New Simplified Definition of Full-Time Equivalent (FTE)

The loan application allows for a new simpler method for determining employee full-time equivalency (FTE). Under this simplified method, you assign 1.0 for employees who work 40 hours or more per week and .5 for any employee who works fewer than 40 hours.

While this is easy to use and may work in some situations, there will be times when this wouldn't be to your advantage. For example, someone who works 35 hours per week would be counted at .5 under the simplified method but would be .9 under the traditional method, which tracks more closely the actual percentage of time worked. To calculate FTE under the traditional method, you take the average number of hours paid per week for each employee, divide that by 40, and round to the nearest tenth, up to a maximum of 1.0 per employee.

Payroll Reduction Safe Harbor

To obtain loan forgiveness, you must maintain the average number of full-time equivalent employees you had pre-COVID-19. If you lay off employees or reduce your pay rates by more than 25%, the amount of your loan forgiveness will also be reduced. The new guidance makes it clear, however, that you can keep in your employee headcount anyone who:

  • rejected a good faith, written offer to be rehired
  • was fired for cause
  • voluntarily resigned, or
  • requested and received a reduction in hours.
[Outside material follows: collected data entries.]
lemma prime_ideal_is_maximal:
  fixes P :: "'b set"
  assumes P: "is_prime_ideal P"
  shows "is_maximal_ideal P"
  unfolding is_maximal_ideal_def
proof (intro conjI allI impI)
  show "is_ring_ideal P" using P by (simp add: is_prime_ideal_def)
  show "P \<noteq> UNIV" using P by (auto simp: is_prime_ideal_def)
  fix J assume J: "is_ring_ideal J \<and> P \<subseteq> J"
  show "J = P \<or> J = UNIV"
  proof (cases "J = P")
    case False
    then obtain b where b: "b \<in> J" "b \<notin> P" using J by blast
    obtain a where a: "(\<Sum>j\<le>Suc ell. sB (a j) (b ^ j)) = 0" "\<exists>j\<le>Suc ell. a j \<noteq> 0"
      using powers_linearly_dependent by blast
    have "(\<Sum>j\<le>Suc ell. sB (a j) (b ^ j)) \<in> P"
      using a(1) P unfolding is_prime_ideal_def is_ring_ideal_def by metis
    then obtain b' where "b * b' - 1 \<in> P"
      using invertible_mod_prime_ideal_of_root[OF P b(2)] a(2) by blast
    moreover have "b * b' \<in> J"
      using J b(1) by (metis is_ring_ideal_def mult.commute)
    ultimately have "b * b' - (b * b' - 1) \<in> J"
      using J ring_ideal_diff by blast
    then show ?thesis using J ring_ideal_eq_UNIV by auto
  qed simp
qed

lemma residue_map_exists:
  fixes P :: "'b set"
  assumes P: "is_ring_ideal P" "1 \<notin> P" and res: "\<forall>b. \<exists>c. b - sB c 1 \<in> P"
  shows "\<exists>\<phi>. is_k_alg_hom sB \<phi> \<and> (\<forall>b. b - sB (\<phi> b) 1 \<in> P)"
proof -
  define \<phi> where "\<phi> b = (SOME c. b - sB c 1 \<in> P)" for b
  have mem: "b - sB (\<phi> b) 1 \<in> P" for b
    unfolding \<phi>_def using res by (metis someI_ex)
  have unique: "\<phi> b = c" if "b - sB c 1 \<in> P" for b c
  proof -
    have "sB (\<phi> b - c) 1 = (b - sB c 1) - (b - sB (\<phi> b) 1)"
      by (simp add: vs.scale_left_diff_distrib)
    then have "sB (\<phi> b - c) 1 \<in> P"
      using ring_ideal_diff[OF P(1) that mem[of b]] by simp
    then have "\<phi> b - c = 0" by (rule scalar_in_proper_ideal_eq_0[OF P])
    then show ?thesis by simp
  qed
  have sB_1_mult: "sB a 1 * sB c 1 = sB (a * c) 1" for a c
    by (metis mult_1 sB_mult_left sB_sB)
  have "is_k_alg_hom sB \<phi>"
    unfolding is_k_alg_hom_def
  proof (intro conjI allI)
    fix x y
    have "(x - sB (\<phi> x) 1) + (y - sB (\<phi> y) 1) \<in> P"
      using P mem by (simp add: is_ring_ideal_def)
    then show "\<phi> (x + y) = \<phi> x + \<phi> y"
      by (intro unique) (simp add: sB_add_left algebra_simps)
    have "(x - sB (\<phi> x) 1) * y + sB (\<phi> x) 1 * (y - sB (\<phi> y) 1) \<in> P"
      using P mem by (simp add: is_ring_ideal_def mult.commute)
    then show "\<phi> (x * y) = \<phi> x * \<phi> y"
      by (intro unique) (simp add: algebra_simps sB_1_mult)
  next
    show "\<phi> 1 = 1"
      using P by (intro unique) (simp add: sB_one is_ring_ideal_def)
  next
    fix c x
    have "sB c (x - sB (\<phi> x) 1) \<in> P"
      using ring_ideal_sB[OF P(1) mem] .
    then show "\<phi> (sB c x) = c * \<phi> x"
      by (intro unique) (simp add: vs.scale_right_diff_distrib sB_sB)
  qed
  then show ?thesis using mem by blast
qed

end

section \<open>Derivations\<close>

definition is_k_derivation :: "('k \<Rightarrow> 'L::field) \<Rightarrow> ('L \<Rightarrow> 'L) \<Rightarrow> bool" where
  "is_k_derivation \<iota> \<delta> \<longleftrightarrow> (\<forall>a b. \<delta> (a + b) = \<delta> a + \<delta> b) \<and> (\<forall>a b. \<delta> (a * b) = a * \<delta> b + \<delta> a * b)
     \<and> (\<forall>c a. \<delta> (\<iota> c * a) = \<iota> c * \<delta> a)"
In addition, as long as by December 31, 2020, you have restored your full-time equivalent employee numbers and pay rates to their pre-COVID-19 levels, the loan forgiveness amount will not be affected. The safe harbor date was extended from June 30th to December 31 under the PPPFA and applies regardless of when your loan forgiveness covered period starts and ends.
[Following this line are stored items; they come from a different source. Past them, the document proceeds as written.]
lemma vec4_inject [simp]: "vec4 a b c d = vec4 a' b' c' d' \<longleftrightarrow> a = a' \<and> b = b' \<and> c = c' \<and> d = d'"
  by (simp add: vec4_eq_iff)

lemma vec4_components: "v = vec4 (v$1) (v$2) (v$3) (v$4)"
  by (simp add: vec4_eq_iff)

lemma scalar_mult_vec4 [simp]: "k *s vec4 a b c d = vec4 (k*a) (k*b) (k*c) (k*d)"
  by (simp add: vec4_eq_iff)

lemma add_vec4 [simp]: "vec4 a b c d + vec4 a' b' c' d' = vec4 (a+a') (b+b') (c+c') (d+d')"
  by (simp add: vec4_eq_iff)

lemma zero_eq_vec4: "0 = vec4 0 0 0 0"
  by (simp add: vec4_eq_iff)

definition cubic_point :: "'a::field \<Rightarrow> 'a \<Rightarrow> 'a^4" where
  "cubic_point u w = vec4 (u^3) (u^2*w) (u*w^2) (w^3)"

lemma twisted_cubic_cone_eq:
  "twisted_cubic_cone = {k *s cubic_point u w | k u w. k \<noteq> 0 \<and> (u \<noteq> 0 \<or> w \<noteq> 0)}"
proof (intro equalityI subsetI)
  fix v :: "'a^4"
  assume "v \<in> twisted_cubic_cone"
  then consider k t where "k \<noteq> 0" "v = k *s cubic_point t 1"
    | k where "k \<noteq> 0" "v = k *s cubic_point 1 0"
    unfolding twisted_cubic_cone_def cubic_point_def by fastforce
  then show "v \<in> {k *s cubic_point u w | k u w. k \<noteq> 0 \<and> (u \<noteq> 0 \<or> w \<noteq> 0)}"
    by cases fastforce+
next
  fix v :: "'a^4"
  assume "v \<in> {k *s cubic_point u w | k u w. k \<noteq> 0 \<and> (u \<noteq> 0 \<or> w \<noteq> 0)}"
  then obtain k u w where k: "k \<noteq> 0" and uw: "u \<noteq> 0 \<or> w \<noteq> 0" and v: "v = k *s cubic_point u w"
    by blast
  show "v \<in> twisted_cubic_cone"
  proof (cases "w = 0")
    case True
    then have "v = (k*u^3) *s vec4 1 0 0 0"
      by (simp add: v cubic_point_def power2_eq_square)
    moreover have "k*u^3 \<noteq> 0"
      using k uw True by simp
    ultimately show ?thesis
      unfolding twisted_cubic_cone_def by blast
  next
    case False
    then have "v = (k*w^3) *s vec4 ((u/w)^3) ((u/w)^2) (u/w) 1"
      by (simp add: v cubic_point_def power_divide power2_eq_square power3_eq_cube)
    moreover have "k*w^3 \<noteq> 0"
      using k False by simp
    ultimately show ?thesis
      unfolding twisted_cubic_cone_def by blast
  qed
qed

lemma twisted_cubic_cone_scale:
  assumes "k \<noteq> 0" and "v \<in> twisted_cubic_cone"
  shows "k *s v \<in> twisted_cubic_cone"
proof -
  obtain k' u w where "k' \<noteq> 0" "u \<noteq> 0 \<or> w \<noteq> 0" "v = k' *s cubic_point u w"
    using assms(2) unfolding twisted_cubic_cone_eq by blast
  moreover from this have "k *s v = (k*k') *s cubic_point u w" "k*k' \<noteq> 0"
    using assms(1) by simp_all
  ultimately show ?thesis
    unfolding twisted_cubic_cone_eq by blast
qed

text \<open>Row \<open>i\<close> (from 0) lists the coefficients of \<open>(a u + b w)^(3-i) (c u + d w)^i\<close>
  with respect to \<open>u^3, u^2 w, u w^2, w^3\<close>.\<close>
definition cubic_matrix :: "'a::field \<Rightarrow> 'a \<Rightarrow> 'a \<Rightarrow> 'a \<Rightarrow> 'a^4^4" where
  "cubic_matrix a b c d = vector [vector [a^3, 3*a^2*b, 3*a*b^2, b^3],
                                 vector [a^2*c, a^2*d + 2*a*b*c, 2*a*b*d + b^2*c, b^2*d],
                                 vector [a*c^2, 2*a*c*d + b*c^2, a*d^2 + 2*b*c*d, b*d^2],
                                 vector [c^3, 3*c^2*d, 3*c*d^2, d^3]]"

lemma cubic_matrix_mult_vec4:
  "cubic_matrix a b c d *v vec4 x0 x1 x2 x3 = vec4
     (a^3*x0 + 3*a^2*b*x1 + 3*a*b^2*x2 + b^3*x3)
     (a^2*c*x0 + (a^2*d + 2*a*b*c)*x1 + (2*a*b*d + b^2*c)*x2 + b^2*d*x3)
     (a*c^2*x0 + (2*a*c*d + b*c^2)*x1 + (a*d^2 + 2*b*c*d)*x2 + b*d^2*x3)
     (c^3*x0 + 3*c^2*d*x1 + 3*c*d^2*x2 + d^3*x3)"
  by (simp add: vec4_eq_iff cubic_matrix_def matrix_vector_mult_def sum_4 vector_def)

lemma cubic_matrix_mult_cubic_point:
  "cubic_matrix a b c d *v cubic_point u w = cubic_point (a*u + b*w) (c*u + d*w)"
  unfolding cubic_point_def cubic_matrix_mult_vec4 vec4_inject
  by (simp add: algebra_simps power2_eq_square power3_eq_cube)

lemma cubic_matrix_adjugate:
  "cubic_matrix a b c d *v (cubic_matrix d (-b) (-c) a *v v) = (a*d - b*c)^3 *s v"
  by (subst (1 2) vec4_components[of v])
    (simp add: cubic_matrix_mult_vec4 algebra_simps power2_eq_square power3_eq_cube)

lemma cubic_matrix_right_inverse:
  assumes "a*d - b*c \<noteq> 0"
  shows "cubic_matrix a b c d *v ((1 / (a*d - b*c)^3) *s (cubic_matrix d (-b) (-c) a *v v)) = v"
  using assms by (simp add: vector_scalar_commute cubic_matrix_adjugate)

lemma invertible_cubic_matrix:
  assumes "a*d - b*c \<noteq> 0"
  shows "invertible (cubic_matrix a b c d)"
  unfolding invertible_right_inverse matrix_right_invertible_surjective
  by (rule surjI, rule cubic_matrix_right_inverse[OF assms])

lemma cubic_matrix_maps_cone:
  assumes det: "a*d - b*c \<noteq> 0" and v: "v \<in> twisted_cubic_cone"
  shows "cubic_matrix a b c d *v v \<in> twisted_cubic_cone"
proof -
  obtain k u w where k: "k \<noteq> 0" and uw: "u \<noteq> 0 \<or> w \<noteq> 0" and v: "v = k *s cubic_point u w"
    using v unfolding twisted_cubic_cone_eq by blast
  have "a*u + b*w \<noteq> 0 \<or> c*u + d*w \<noteq> 0"
  proof -
    have "(a*d - b*c) * u = d * (a*u + b*w) - b * (c*u + d*w)"
      and "(a*d - b*c) * w = a * (c*u + d*w) - c * (a*u + b*w)"
      by (simp_all add: algebra_simps)
    then show ?thesis
      using det uw by auto
  qed
  then show ?thesis
    using k unfolding twisted_cubic_cone_eq v vector_scalar_commute cubic_matrix_mult_cubic_point
    by blast
qed

lemma cubic_matrix_in_Gq_matrices:
  assumes det: "a*d - b*c \<noteq> 0"
  shows "cubic_matrix a b c d \<in> Gq_matrices"
proof -
  have "v \<in> (\<lambda>x. cubic_matrix a b c d *v x) ` twisted_cubic_cone" if "v \<in> twisted_cubic_cone" for v
  proof
    show "v = cubic_matrix a b c d *v ((1 / (a*d - b*c)^3) *s (cubic_matrix d (-b) (-c) a *v v))"
      using cubic_matrix_right_inverse[OF det] by simp
    have "d*a - (-b)*(-c) \<noteq> 0"
      using det by (simp add: mult.commute)
    then show "(1 / (a*d - b*c)^3) *s (cubic_matrix d (-b) (-c) a *v v) \<in> twisted_cubic_cone"
      using det that by (simp add: twisted_cubic_cone_scale cubic_matrix_maps_cone)
  qed
  then show ?thesis
    unfolding Gq_matrices_def
    using invertible_cubic_matrix[OF det] cubic_matrix_maps_cone[OF det] by blast
qed

definition independent_pair :: "'a::field^'n \<Rightarrow> 'a^'n \<Rightarrow> bool" where
  "independent_pair u w \<longleftrightarrow> (\<forall>\<alpha> \<beta>. \<alpha> *s u + \<beta> *s w = 0 \<longrightarrow> \<alpha> = 0 \<and> \<beta> = 0)"

lemma image_proj_line:
  "(\<lambda>x. A *v x) ` proj_line u w = proj_line (A *v u) (A *v w)"
proof -
  have "proj_line (A *v u) (A *v w) = {A *v (a *s u + b *s w) | a b. True}"
    unfolding proj_line_def by (simp add: matrix_vector_right_distrib vector_scalar_commute)
  then show ?thesis
    unfolding proj_line_def by blast
qed

lemma independent_pair_image:
  assumes "invertible A" and "independent_pair u w"
  shows "independent_pair (A *v u) (A *v w)"
  unfolding independent_pair_def
proof (intro allI impI)
  fix \<alpha> \<beta>
  assume "\<alpha> *s (A *v u) + \<beta> *s (A *v w) = 0"
  then have "A *v (\<alpha> *s u + \<beta> *s w) = 0"
    by (simp add: matrix_vector_right_distrib vector_scalar_commute)
  moreover obtain B where "B ** A = mat 1"
    using assms(1) unfolding invertible_def by blast
  ultimately have "\<alpha> *s u + \<beta> *s w = 0"
    by (metis matrix_vector_mul_assoc matrix_vector_mul_lid matrix_vector_mult_0_right)
  then show "\<alpha> = 0 \<and> \<beta> = 0"
    using assms(2) unfolding independent_pair_def by blast
qed

lemma proj_line_subset:
  assumes "u \<in> proj_line u' w'" and "w \<in> proj_line u' w'"
  shows "proj_line u w \<subseteq> proj_line u' w'"
proof
  fix v
  assume "v \<in> proj_line u w"
  then obtain a b where v: "v = a *s u + b *s w"
    unfolding proj_line_def by blast
  obtain \<alpha> \<beta> \<gamma> \<delta> where "u = \<alpha> *s u' + \<beta> *s w'" and "w = \<gamma> *s u' + \<delta> *s w'"
    using assms unfolding proj_line_def by blast
  then have "v = (a*\<alpha> + b*\<gamma>) *s u' + (a*\<beta> + b*\<delta>) *s w'"
    by (simp add: v vec_eq_iff algebra_simps)
  then show "v \<in> proj_line u' w'"
    unfolding proj_line_def by blast
qed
The PPPFA also provides that the employee headcount for loan forgiveness purposes will not be reduced if you can document your inability to:

  • rehire people who were employees on February 15, 2020, or hire similarly qualified employees for unfilled positions by December 31, 2020, or
  • return to your pre-February 15, 2020 level of business activity due to COVID-19 regulations or guidance issued by 1) the Department of Health and Human Services, 2) Centers for Disease Control and Prevention, or 3) Occupational Safety and Health Administration between March 1 and December 1, 2020.
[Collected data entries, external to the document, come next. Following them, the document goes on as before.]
(* Let $n\le2$ and write $f_n=\mathfrak P_\varphi(\lambda^n\varphi_\lambda)=\sum_{i\ge1}f^{(i)}\lambda^i$, the coefficients $f^{(i)}$ regarded as functions on the covering $\bar\tau_*$ via $\varphi^{(1)}=-y$, $\varphi^{(2)}=-x$, $\varphi^{(3)}=-z-\tfrac12y^2$. Put $Z=(z_y+y)f^{(1)}+z_xf^{(2)}-f^{(3)}$ and $\Phi^{(k)}=f^{(k)}+f^{(2)}\varphi^{(k)}_x+f^{(1)}\varphi^{(k)}_y$ for $k\ge4$. Then the vector field $\mathcal S=\sum_X\tilde D_X(Z)\,\partial/\partial z_X+\sum_{k\ge4}\Phi^{(k)}\,\partial/\partial\varphi^{(k)}$ (sum over all internal coordinates $z_X$, $\tilde D_X=\tilde D_x^a\tilde D_y^b$ for $X=x^ay^b$) is a nonlocal symmetry in $\bar\tau_*$, i.e. $[\mathcal S,\tilde D_x]=[\mathcal S,\tilde D_y]=0$.
   Context: The Gibbons–Tsarev equation $\mathcal E$ is $z_{yy}+z_xz_{xy}-z_yz_{xx}+1=0$ with internal coordinates $x,y,z_X$ ($z_X=\partial^{a+b}z/\partial x^a\partial y^b$ for $X=x^ay^b$, $b\in\{0,1\}$) and total derivatives $D_x,D_y$. Put $\varphi^{(-1)}=1$, $\varphi^{(0)}=0$, $\varphi^{(1)}=-y$, $\varphi^{(2)}=-x$, $\varphi^{(3)}=-z-\tfrac12y^2$, let $\varphi^{(k)}$, $k\ge4$, be new coordinates and $\varphi(\lambda)=1/\lambda+\sum_{k\ge1}\varphi^{(k)}\lambda^k$, $\varphi_\lambda=d\varphi/d\lambda$. The covering $\bar\tau_*$ has coordinates $x,y,z_X,\varphi^{(k)}$ ($k\ge4$) and commuting total derivatives $\tilde D_x=D_x+\sum_{k\ge4}\varphi^{(k)}_x\partial/\partial\varphi^{(k)}$, $\tilde D_y=D_y+\sum_{k\ge4}\varphi^{(k)}_y\partial/\partial\varphi^{(k)}$, where $\varphi^{(k)}_x,\varphi^{(k)}_y$ (polynomials in $x,y,z,z_x,z_y,\varphi^{(4)},\dots,\varphi^{(k-1)}$) are uniquely determined by requiring, with $\varphi_x=\sum_{k\ge1}\tilde D_x(\varphi^{(k)})\lambda^k$, $\varphi_y=\sum_{k\ge1}\tilde D_y(\varphi^{(k)})\lambda^k$, that $(\varphi^2-z_x\varphi-z_y)\varphi_x=-1$ and $(\varphi^2-z_x\varphi-z_y)\varphi_y=-(\varphi-z_x)$ coefficientwise in $\lambda$. Notation $\mathfrak P_\varphi$: $w=1/\varphi(\lambda)=\lambda+O(\lambda^3)$; any Laurent series $F$ in $\lambda$ with finitely many negative powers is uniquely $F=\sum_{k\le m}c_k\varphi(\lambda)^k$ with $c_k$ independent of $\lambda$; $\mathfrak P_\varphi F=F-\sum_{k=0}^mc_k\varphi(\lambda)^k$, a power series in $\lambda$ without constant term. *)

theory Defs
  imports Complex_Main "HOL-Library.Poly_Mapping"
    "HOL-Computational_Algebra.Formal_Laurent_Series"
begin

text \<open>Coordinates: x, y, the internal coordinates z_X of the Gibbons-Tsarev
 equation (X = x^a y^b, b in {0,1}; ZC a False = z_{x^a}, ZC a True = z_{x^a y}),
 and the nonlocal coordinates PhiC j = phi^(j+4) (so k = j + 4 >= 4).\<close>

datatype coord = XC | YC | ZC nat bool | PhiC nat

text \<open>Functions on the covering: polynomials over the rationals in these
 coordinates (all objects in the statement are polynomial).\<close>

type_synonym fn = "(coord \<Rightarrow>\<^sub>0 nat) \<Rightarrow>\<^sub>0 rat"

definition Var :: "coord \<Rightarrow> fn" where
  "Var v = Poly_Mapping.single (Poly_Mapping.single v 1) 1"

definition cst :: "rat \<Rightarrow> fn" where
  "cst c = Poly_Mapping.single 0 c"

definition vars :: "fn \<Rightarrow> coord set" where
  "vars p = \<Union> (Poly_Mapping.keys ` Poly_Mapping.keys p)"

definition pd :: "coord \<Rightarrow> fn \<Rightarrow> fn" where
  "pd v p = (\<Sum>m\<in>Poly_Mapping.keys p. Poly_Mapping.single (m - Poly_Mapping.single v 1)
                              (of_nat (Poly_Mapping.lookup m v) * Poly_Mapping.lookup p m))"

definition vf :: "(coord \<Rightarrow> fn) \<Rightarrow> fn \<Rightarrow> fn" where
  "vf g p = (\<Sum>v\<in>vars p. g v * pd v p)"

definition Dx_eq :: "fn \<Rightarrow> fn" where
  "Dx_eq = vf (\<lambda>v. case v of XC \<Rightarrow> 1 | YC \<Rightarrow> 0 | ZC a b \<Rightarrow> Var (ZC (Suc a) b) | PhiC j \<Rightarrow> 0)"

text \<open>z_yy expressed through the equation: z_yy = z_y z_xx - z_x z_xy - 1.\<close>
definition zyy :: fn where
  "zyy = Var (ZC 0 True) * Var (ZC 2 False) - Var (ZC 1 False) * Var (ZC 1 True) - 1"

text \<open>Covering total derivatives, given the values ax j = phi^(j+4)_x,
 ay j = phi^(j+4)_y.\<close>
definition Dtx :: "(nat \<Rightarrow> fn) \<Rightarrow> fn \<Rightarrow> fn" where
  "Dtx ax = vf (\<lambda>v. case v of XC \<Rightarrow> 1 | YC \<Rightarrow> 0 | ZC a b \<Rightarrow> Var (ZC (Suc a) b)
                           | PhiC j \<Rightarrow> ax j)"

definition Dty :: "(nat \<Rightarrow> fn) \<Rightarrow> fn \<Rightarrow> fn" where
  "Dty ay = vf (\<lambda>v. case v of XC \<Rightarrow> 0 | YC \<Rightarrow> 1
                           | ZC a b \<Rightarrow> (if b then (Dx_eq ^^ a) zyy else Var (ZC a True))
                           | PhiC j \<Rightarrow> ay j)"

definition phic :: "nat \<Rightarrow> fn" where
  "phic k = (if k = 0 then 0 else if k = 1 then - Var YC else if k = 2 then - Var XC
             else if k = 3 then - Var (ZC 0 False) - cst (1/2) * Var YC ^ 2
             else Var (PhiC (k - 4)))"

definition phi :: "fn fls" where
  "phi = fls_X_inv + fps_to_fls (Abs_fps phic)"

definition dser :: "(fn \<Rightarrow> fn) \<Rightarrow> fn fls" where
  "dser D = fps_to_fls (Abs_fps (\<lambda>k. if k = 0 then 0 else D (phic k)))"

definition Qphi :: "fn fls" where
  "Qphi = phi ^ 2 - fls_const (Var (ZC 1 False)) * phi - fls_const (Var (ZC 0 True))"

text \<open>phi^(k)_x and phi^(k)_y (indexed by j = k - 4), uniquely determined by
 (phi^2 - z_x phi - z_y) phi_x = -1 and (phi^2 - z_x phi - z_y) phi_y = -(phi - z_x).\<close>
definition phix :: "nat \<Rightarrow> fn" where
  "phix = (THE ax. Qphi * dser (Dtx ax) = - 1)"

definition phiy :: "nat \<Rightarrow> fn" where
  "phiy = (THE ay. Qphi * dser (Dty ay) = - (phi - fls_const (Var (ZC 1 False))))"

definition tDx :: "fn \<Rightarrow> fn" where "tDx = Dtx phix"
definition tDy :: "fn \<Rightarrow> fn" where "tDy = Dty phiy"

text \<open>P_phi F = F - sum_{k=0}^m c_k phi^k, where F = sum_{k<=m} c_k phi^k;
 equivalently the unique power series G without constant term such that
 F - G is a polynomial in phi with lambda-independent coefficients.\<close>
definition Pphi :: "fn fls \<Rightarrow> fn fls" where
  "Pphi F = (THE G. (\<forall>i\<le>0. fls_nth G i = 0) \<and>
       (\<exists>(c::nat \<Rightarrow> fn) m. F = G + (\<Sum>k\<le>m. fls_const (c k) * phi ^ k)))"

definition fco :: "int \<Rightarrow> nat \<Rightarrow> fn" where
  "fco n i = fls_nth (Pphi (fls_X_intpow n * fls_deriv phi)) (int i)"

definition Zgen :: "int \<Rightarrow> fn" where
  "Zgen n = (Var (ZC 0 True) + Var YC) * fco n 1 + Var (ZC 1 False) * fco n 2 - fco n 3"

definition PhiS :: "int \<Rightarrow> nat \<Rightarrow> fn" where
  "PhiS n j = fco n (j + 4) + fco n 2 * phix j + fco n 1 * phiy j"

definition Sfield :: "int \<Rightarrow> fn \<Rightarrow> fn" where
  "Sfield n = vf (\<lambda>v. case v of XC \<Rightarrow> 0 | YC \<Rightarrow> 0
                         | ZC a b \<Rightarrow> (tDx ^^ a) ((tDy ^^ (if b then 1 else 0)) (Zgen n))
                         | PhiC j \<Rightarrow> PhiS n j)"

end

theory Submission
  imports Defs
begin

text \<open>
  Write \<open>P\<close> and \<open>R\<close> for the series \<open>\<phi>_x\<close> and \<open>\<phi>_y\<close> and put
  \<open>Q = \<phi>^2 - z_x \<phi> - z_y\<close>, so that \<open>Q P = -1\<close> and \<open>R = (\<phi> - z_x) P\<close>.
  The commutators \<open>C_x = [S, D_x]\<close> and \<open>C_y = [S, D_y]\<close> are derivations; \<open>C_x\<close>
  vanishes on \<open>x\<close>, \<open>y\<close> and all \<open>z_X\<close>, \<open>C_y\<close> on \<open>x\<close>, \<open>y\<close> and the
  \<open>z_{x^a}\<close>, and on the nonlocal coordinates their values are the coefficients of the
  series \<open>W_x = C_x(\<phi>)\<close>, \<open>W_y = C_y(\<phi>)\<close>, which start at \<open>\<lambda>^4\<close>.
  The choice of \<open>Z\<close> and \<open>\<Phi>^(k)\<close> makes \<open>S(\<phi>) = f_n + f^(2) P + f^(1) R\<close>.
  Differentiating \<open>Q P = -1\<close> and \<open>Q R = -(\<phi> - z_x)\<close> along \<open>S\<close>, \<open>D_x\<close>, \<open>D_y\<close>
  and \<open>d/d\<lambda>\<close> shows that \<open>Q^2 W_x\<close> and \<open>Q^2 W_y\<close> are polynomials in \<open>\<phi>\<close> with
  \<open>\<lambda>\<close>-independent coefficients: the contributions of \<open>\<lambda>^n \<phi>_\<lambda>\<close> cancel because
  the total derivatives commute with \<open>d/d\<lambda>\<close>, and \<open>Q^2\<close> clears all powers of \<open>P\<close>.
  Since \<open>Q^2\<close> starts at \<open>\<lambda>^(-4)\<close>, these polynomials are constants \<open>m_x\<close>, \<open>m_y\<close>.
  The Jacobi identity \<open>[C_x, D_y] = [C_y, D_x]\<close>, applied to \<open>\<phi>\<close>, then becomes a
  polynomial identity in \<open>\<phi>\<close> whose coefficients force \<open>m_x = m_y = C_y(z_y) = 0\<close>.
  Hence \<open>W_x = W_y = 0\<close>, so \<open>C_x = 0\<close>, and then \<open>C_y\<close> also vanishes on the
  \<open>z_{x^a y}\<close> because \<open>C_y(z_y) = 0\<close>.
\<close>

section \<open>Polynomials in the coordinates\<close>

fun coord_code :: "coord \<Rightarrow> nat" where
  "coord_code XC = 0"
| "coord_code YC = 1"
| "coord_code (ZC a b) = 2 + 3 * (2 * a + (if b then 1 else 0))"
| "coord_code (PhiC j) = 3 + 3 * j"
Costs Can Be Paid or Incurred

The loan forgiveness application clarifies that you can include nonpayroll costs paid or incurred during the applicable covered period. It wasn’t clear before whether incurred costs could be included. This means you won’t have to accelerate payment dates or alter payment schedules to make sure costs fall within your covered period.

How to Calculate Loan Forgiveness

The application takes you step-by-step through the calculation you must make to determine how much of your loan will be forgivable.

First, you add up all of your business’s eligible payroll and non-payroll costs paid or accrued during your covered period. These eligible costs include payroll and business mortgage interest on real or personal property, business rent or lease payments for real or personal property, and business utility payments. (Another clarification provided by the application was that these eligible costs cover both real and personal property.)

The next step is to reduce this amount if you do not have the same number of full-time equivalent employees you had prior to the COVID-19 pandemic, or if you have reduced any of your employees' pay by more than 25 percent. You calculate the actual amount you need to subtract for these salary/hourly wage reductions on line 3 of Schedule A (using the Worksheet) and reduce your eligible loan forgiveness by that amount.

The final step is to make sure your payroll costs comprise at least 60 percent of your loan forgiveness amount. The other 40 percent can be for mortgage interest debt, rent, and utilities but these nonpayroll costs cannot exceed 40 percent of the total loan forgiveness amount. Under the original PPP rules, payroll costs had to be at least 75% of your loan forgiveness amount but this was reduced to 60% to give businesses more flexibility on how to spend their loan proceeds.